→ TASK PROMPT:
Begin at the line containing "(2*j+1) 0 (2*j+1-i)" in the data below and go on through the line containing "(* Consider the", repeating each line exactly; include both ends and no other line.

Records from a collection:
lemma hpoly_fps_functional_equation:
  fixes a b x :: complex
  assumes "a \<noteq> b"
  defines "H \<equiv> Abs_fps (\<lambda>n. poly (hpoly a b n) x)"
  shows "fps_const (x - a) * H + fps_const (x * (a - b) ^ 2) * fps_X * H
       = fps_const ((x - a) / (a - b)) + fps_const (a * (x - b)) * fps_X
           * (Abs_fps (\<lambda>n. poly (gpoly a b n) a) oo (fps_const (x - b) * fps_X))"
proof (rule fps_ext)
  fix n
  show "(fps_const (x - a) * H + fps_const (x * (a - b) ^ 2) * fps_X * H) $ n
      = (fps_const ((x - a) / (a - b)) + fps_const (a * (x - b)) * fps_X
           * (Abs_fps (\<lambda>n. poly (gpoly a b n) a) oo (fps_const (x - b) * fps_X))) $ n"
  proof (cases n)
    case 0
    then show ?thesis
      using assms by (simp add: hpoly_0)
  next
    case (Suc m)
    have "poly ([:- a, 1:] * hpoly a b (Suc m) + smult ((a - b) ^ 2) ([:0, 1:] * hpoly a b m)) x
        = poly (smult (a * poly (gpoly a b m) a) ([:- b, 1:] ^ Suc m)) x"
      using hpoly_recurrence[OF assms(1)] by simp
    then have "(x - a) * poly (hpoly a b (Suc m)) x + x * (a - b) ^ 2 * poly (hpoly a b m) x
        = a * (x - b) * ((x - b) ^ m * poly (gpoly a b m) a)"
      by (simp add: algebra_simps)
    then show ?thesis
      using Suc by (simp add: H_def fps_compose_linear mult.assoc)
  qed
qed

lemma gpoly_at_alpha_kernel_substitution:
  fixes a b :: complex
  assumes "a \<noteq> b"
  defines "V \<equiv> fps_const a * inverse (1 + fps_const ((a - b)\<^sup>2) * fps_X)"
  shows "fps_const a * (V - fps_const b)
           * (Abs_fps (\<lambda>n. poly (gpoly a b n) a) oo fps_X * (V - fps_const b))
         = fps_const (a - b) * V"
proof -
  define d where "d = a - b"
  define c where "c = (\<lambda>n. poly (gpoly a b n) a)"
  define \<sigma> where "\<sigma> = fps_X * (V - fps_const b)"
  have "V * (1 + fps_const (d\<^sup>2) * fps_X) = fps_const a"
    by (simp add: V_def d_def mult.assoc inverse_mult_eq_1)
  then have V_shift: "V - fps_const a = - (fps_const (d\<^sup>2) * fps_X * V)"
    by (simp add: algebra_simps)
  have eval_linear: "fps_eval_poly [:- e, 1:] V = V - fps_const e" for e
    by (simp add: fps_eval_poly_linear fps_const_neg)
  define h where "h n = fps_X ^ n * (fps_const (d\<^sup>2) * V * fps_eval_poly (hpoly a b n) V)" for n
  have "h n - h (Suc n) = fps_const a * (V - fps_const b) * (fps_const (c n) * \<sigma> ^ n)" for n
  proof -
    have "fps_eval_poly [:- a, 1:] V * fps_eval_poly (hpoly a b (Suc n)) V
        + fps_const (d\<^sup>2) * (fps_eval_poly [:- 0, 1:] V * fps_eval_poly (hpoly a b n) V)
        = fps_const (a * c n) * fps_eval_poly [:- b, 1:] V ^ Suc n"
      using arg_cong[OF hpoly_recurrence[OF assms(1)], of "\<lambda>p. fps_eval_poly p V"]
      by (simp only: fps_eval_poly_add fps_eval_poly_mult fps_eval_poly_smult fps_eval_poly_power
          c_def d_def minus_zero)
    then have step: "fps_const (d\<^sup>2) * V * (fps_eval_poly (hpoly a b n) V
        - fps_X * fps_eval_poly (hpoly a b (Suc n)) V) = fps_const (a * c n) * (V - fps_const b) ^ Suc n"
      unfolding eval_linear V_shift by (simp add: algebra_simps)
    have "h n - h (Suc n) = fps_X ^ n * (fps_const (d\<^sup>2) * V * (fps_eval_poly (hpoly a b n) V
        - fps_X * fps_eval_poly (hpoly a b (Suc n)) V))"
      by (simp add: h_def algebra_simps)
    also have "\<dots> = fps_X ^ n * (fps_const (a * c n) * (V - fps_const b) ^ Suc n)"
      by (simp only: step)
    finally show ?thesis
      by (simp add: \<sigma>_def power_mult_distrib mult_ac flip: fps_const_mult)
  qed
  moreover have "h n $ k = 0" if "k < n" for n k
    using that by (simp add: h_def fps_X_power_mult_nth)
  ultimately have "h 0 = fps_const a * (V - fps_const b) * (Abs_fps c oo \<sigma>)"
    by (intro fps_compose_eq_of_telescoping) (simp_all add: \<sigma>_def)
  moreover have "h 0 = fps_const d * V"
    using assms(1) by (simp add: h_def hpoly_0 fps_eval_poly_const d_def power2_eq_square)
  ultimately show ?thesis
    by (simp add: c_def d_def \<sigma>_def)
qed

lemma gpoly_at_alpha_fps_quadratic:
  fixes a b :: complex
  assumes "a \<noteq> b"
  defines "Y \<equiv> fps_const (2 * a) * fps_X * Abs_fps (\<lambda>n. poly (gpoly a b n) a)"
  shows "Y\<^sup>2 - fps_const 2 * Y * (1 + fps_const (a - b) * fps_X) + fps_const (4 * a) * fps_X = 0"
proof -
  define d where "d = a - b"
  define V where "V = fps_const a * inverse (1 + fps_const (d\<^sup>2) * fps_X)"
  define \<sigma> where "\<sigma> = fps_X * (V - fps_const b)"
  have \<sigma>_0: "\<sigma> $ 0 = 0"
    by (simp add: \<sigma>_def)
  have "Y oo \<sigma> = fps_const 2 * fps_X
      * (fps_const a * (V - fps_const b) * (Abs_fps (\<lambda>n. poly (gpoly a b n) a) oo \<sigma>))"
    by (simp add: Y_def \<sigma>_def fps_compose_mult_distrib mult_ac flip: fps_const_mult)
  then have Y_\<sigma>: "Y oo \<sigma> = fps_const 2 * fps_X * fps_const d * V"
    using gpoly_at_alpha_kernel_substitution[OF assms(1)]
    by (simp add: V_def \<sigma>_def d_def mult.assoc)
  have "(Y\<^sup>2 - fps_const 2 * Y * (1 + fps_const (a - b) * fps_X) + fps_const (4 * a) * fps_X) oo \<sigma>
      = (Y oo \<sigma>)\<^sup>2 - fps_const 2 * (Y oo \<sigma>) * (1 + fps_const (a - b) * \<sigma>) + fps_const (4 * a) * \<sigma>"
    by (simp add: fps_compose_sub_distrib fps_compose_add_distrib fps_compose_mult_distrib[OF \<sigma>_0]
        fps_compose_power[OF \<sigma>_0] \<sigma>_0)
  also have "\<dots> = fps_const 4 * fps_X * fps_const b * (V * (1 + fps_const (d\<^sup>2) * fps_X) - fps_const a)"
    unfolding Y_\<sigma> unfolding \<sigma>_def d_def
    by (simp only: fps_const_sub[symmetric] fps_const_mult[symmetric] fps_const_power[symmetric]
        fps_numeral_fps_const[symmetric]) algebra
  also have "\<dots> = 0"
    by (simp add: V_def mult.assoc inverse_mult_eq_1)
  finally have "(Y\<^sup>2 - fps_const 2 * Y * (1 + fps_const (a - b) * fps_X) + fps_const (4 * a) * fps_X) oo \<sigma> = 0" .
  moreover have "\<sigma> $ 1 \<noteq> 0"
    using assms(1) by (simp add: \<sigma>_def V_def d_def)
  ultimately show ?thesis
    using fps_compose_eq_0_iff[OF \<sigma>_0] by force
qed
lemma Fnmu_odd_eq_sum_Itilde:
  assumes "\<mu> = 2*M+1"
  shows "\<exists>c :: nat \<Rightarrow> real. c \<mu> \<noteq> 0 \<and> (\<forall>n. complex_of_real (Fnmu a n \<mu>) =
           (\<Sum>j=0..\<mu> div 2. complex_of_real (c (2*j+1)) * Itilde a n (2*j+1) 0))"
proof -
  define A where "A j i = Re (kernel_deriv (2*j+1) 0 (2*j-2*i)) / (fact (2*i+1) * fact (2*j-2*i))" for j i
  have "Itilde a n (2*j+1) 0 = (\<Sum>i=0..j. A j i *\<^sub>R complex_of_real (Fnmu a n (2*i+1)))" for j n
  proof -
    have "Itilde a n (2*j+1) 0 = (\<Sum>i=0..2*j+1. of_real (Fnmu a n i) * kernel_deriv (2*j+1) 0 (2*j+1-i)
                                     / (fact i * fact (2*j+1-i)))"
      by (rule Itilde_eq_sum_Fnmu) simp
    also have "\<dots> = (\<Sum>i=0..j. of_real (Fnmu a n (2*i+1)) * kernel_deriv (2*j+1) 0 (2*j-2*i)
                                     / (fact (2*i+1) * fact (2*j-2*i)))"
      by (subst sum_odd_terms) (auto simp: kernel_deriv_0_odd)
    also have "\<dots> = (\<Sum>i=0..j. A j i *\<^sub>R complex_of_real (Fnmu a n (2*i+1)))"
      using kernel_deriv_0_real by (intro sum.cong refl) (simp add: A_def scaleR_conv_of_real)
    finally show ?thesis .
  qed
  moreover have "A j j \<noteq> 0" for j
    by (simp add: A_def)
  ultimately obtain c where "c M \<noteq> 0"
      "\<forall>n. complex_of_real (Fnmu a n (2*M+1)) = (\<Sum>j=0..M. c j *\<^sub>R Itilde a n (2*j+1) 0)"
    using triangular_system_inverse[of 0 M "\<lambda>j n. Itilde a n (2*j+1) 0" A
        "\<lambda>i n. complex_of_real (Fnmu a n (2*i+1))" M] by auto
  then show ?thesis
    using assms by (intro exI[of _ "\<lambda>i. c (i div 2)"]) (simp add: scaleR_conv_of_real)
qed
(* Consider the protocol $P_{RL}$ with parameter $N$ on a directed ring of size $n$ with $2\le n\le N$. The set $\mathcal{C}_{NI}$ of configurations (defined in the context) is closed: no configuration outside $\mathcal{C}_{NI}$ is reachable from a configuration in $\mathcal{C}_{NI}$.
   Context: Model. A population is a directed ring of $n\ge 2$ anonymous agents $u_0,\dots,u_{n-1}$ (indices modulo $n$) with arcs $e_i=(u_i,u_{i+1})$. A configuration $C$ assigns a state to each agent; $C\to C'$ means that $C'$ is obtained from $C$ by one interaction on some arc $e_i$, in which initiator $u_i$ and responder $u_{i+1}$ update their states by the transition function and all other agents keep their states. A configuration is reachable from $C$ if it is obtained from $C$ by finitely many such steps. Protocol $P_{RL}$ (parameter $N$). Each agent has variables $\mathit{leader}\in\{0,1\}$, $\mathit{bullet}\in\{0,1,2\}$, $\mathit{shield}\in\{0,1\}$, $\mathit{signal}\in\{0,1\}$, $\mathit{dist}\in\{0,\dots,N\}$. In an interaction with initiator $l$ and responder $r$ the following are executed in order: 1. If $l.\mathit{leader}=1$ then $l.\mathit{dist}\gets 0$. 2. If $r.\mathit{leader}=1$ then $r.\mathit{dist}\gets 0$; else if $r.\mathit{bullet}=0$ then $r.\mathit{dist}\gets\min(l.\mathit{dist}+1,N)$. 3. If $r.\mathit{dist}=N$ then $r.\mathit{leader}\gets1$, $r.\mathit{bullet}\gets2$, $r.\mathit{shield}\gets1$, $r.\mathit{signal}\gets0$, $r.\mathit{dist}\gets0$. 4. If $l.\mathit{leader}=1$ and $l.\mathit{signal}=1$ then $l.\mathit{bullet}\gets2$, $l.\mathit{shield}\gets1$, $l.\mathit{signal}\gets0$. 5. If $r.\mathit{leader}=1$ and $r.\mathit{signal}=1$ then $r.\mathit{bullet}\gets1$, $r.\mathit{shield}\gets0$, $r.\mathit{signal}\gets0$. 6. If $l.\mathit{bullet}>0$ and $r.\mathit{leader}=1$: set $r.\mathit{leader}\gets0$ if ($l.\mathit{bullet}=2$ and $r.\mathit{shield}=0$); then $l.\mathit{bullet}\gets0$. Else, if $l.\mathit{bullet}>0$ and $r.\mathit{leader}=0$: if $r.\mathit{bullet}=0$ then $r.\mathit{bullet}\gets l.\mathit{bullet}$; then $l.\mathit{bullet}\gets0$ and $r.\mathit{signal}\gets0$. 7. $l.\mathit{signal}\gets\max(l.\mathit{signal},r.\mathit{signal},r.\mathit{leader})$. An agent is a leader if $\mathit{leader}=1$ and a follower otherwise. Definitions (in a configuration with at least one leader). $\mathrm{dist}_L(i)=\min\{j\ge0: u_{i-j}.\mathit{leader}=1\}$ and $\mathrm{dist}_R(i)=\min\{j\ge0: u_{i+j}.\mathit{leader}=1\}$. $\mathrm{peaceful}(i)$ holds iff $u_{i-\mathrm{dist}_L(i)}.\mathit{shield}=1$ and $u_{i-j}.\mathit{signal}=0$ for all $0\le j\le\mathrm{dist}_L(i)$. $\mathrm{modest}(i)$ holds iff $\mathrm{peaceful}(i)$ holds and $u_{i-j}.\mathit{dist}\le\mathrm{dist}_L(i-j)$ for all $0\le j\le\mathrm{dist}_L(i)$. $\mathrm{secure}(i)$ holds iff $u_i.\mathit{dist}=0$ when $u_i.\mathit{leader}=1$, and $u_i.\mathit{dist}\le N-\mathrm{dist}_R(i)$ when $u_i.\mathit{leader}=0$. $\mathcal{C}_{PB}$ is the set of configurations with at least one leader in which every $u_j$ with $u_j.\mathit{bullet}=2$ satisfies $\mathrm{peaceful}(j)$. $\mathcal{C}_{NI}$ is the set of configurations in $\mathcal{C}_{PB}$ in which every agent $u_i$ satisfies $\mathrm{secure}(i)$ and every $u_j$ with $u_j.\mathit{bullet}=2$ satisfies $\mathrm{modest}(j)$. *)

theory Defs
  imports Main
begin

record agent =
  leader :: nat
  bullet :: nat
  shield :: nat
  signal :: nat
  dst    :: nat

type_synonym config = "nat \<Rightarrow> agent"

definition valid_state :: "nat \<Rightarrow> agent \<Rightarrow> bool" where
  "valid_state N s \<longleftrightarrow> leader s \<le> 1 \<and> bullet s \<le> 2 \<and> shield s \<le> 1 \<and> signal s \<le> 1 \<and> dst s \<le> N"

definition valid_config :: "nat \<Rightarrow> nat \<Rightarrow> config \<Rightarrow> bool" where
  "valid_config N n C \<longleftrightarrow> (\<forall>i<n. valid_state N (C i))"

→ ANSWER TO THIS EXERCISE:
    have "Itilde a n (2*j+1) 0 = (\<Sum>i=0..2*j+1. of_real (Fnmu a n i) * kernel_deriv (2*j+1) 0 (2*j+1-i)
                                     / (fact i * fact (2*j+1-i)))"
      by (rule Itilde_eq_sum_Fnmu) simp
    also have "\<dots> = (\<Sum>i=0..j. of_real (Fnmu a n (2*i+1)) * kernel_deriv (2*j+1) 0 (2*j-2*i)
                                     / (fact (2*i+1) * fact (2*j-2*i)))"
      by (subst sum_odd_terms) (auto simp: kernel_deriv_0_odd)
    also have "\<dots> = (\<Sum>i=0..j. A j i *\<^sub>R complex_of_real (Fnmu a n (2*i+1)))"
      using kernel_deriv_0_real by (intro sum.cong refl) (simp add: A_def scaleR_conv_of_real)
    finally show ?thesis .
  qed
  moreover have "A j j \<noteq> 0" for j
    by (simp add: A_def)
  ultimately obtain c where "c M \<noteq> 0"
      "\<forall>n. complex_of_real (Fnmu a n (2*M+1)) = (\<Sum>j=0..M. c j *\<^sub>R Itilde a n (2*j+1) 0)"
    using triangular_system_inverse[of 0 M "\<lambda>j n. Itilde a n (2*j+1) 0" A
        "\<lambda>i n. complex_of_real (Fnmu a n (2*i+1))" M] by auto
  then show ?thesis
    using assms by (intro exI[of _ "\<lambda>i. c (i div 2)"]) (simp add: scaleR_conv_of_real)
qed
(* Consider the protocol $P_{RL}$ with parameter $N$ on a directed ring of size $n$ with $2\le n\le N$. The set $\mathcal{C}_{NI}$ of configurations (defined in the context) is closed: no configuration outside $\mathcal{C}_{NI}$ is reachable from a configuration in $\mathcal{C}_{NI}$.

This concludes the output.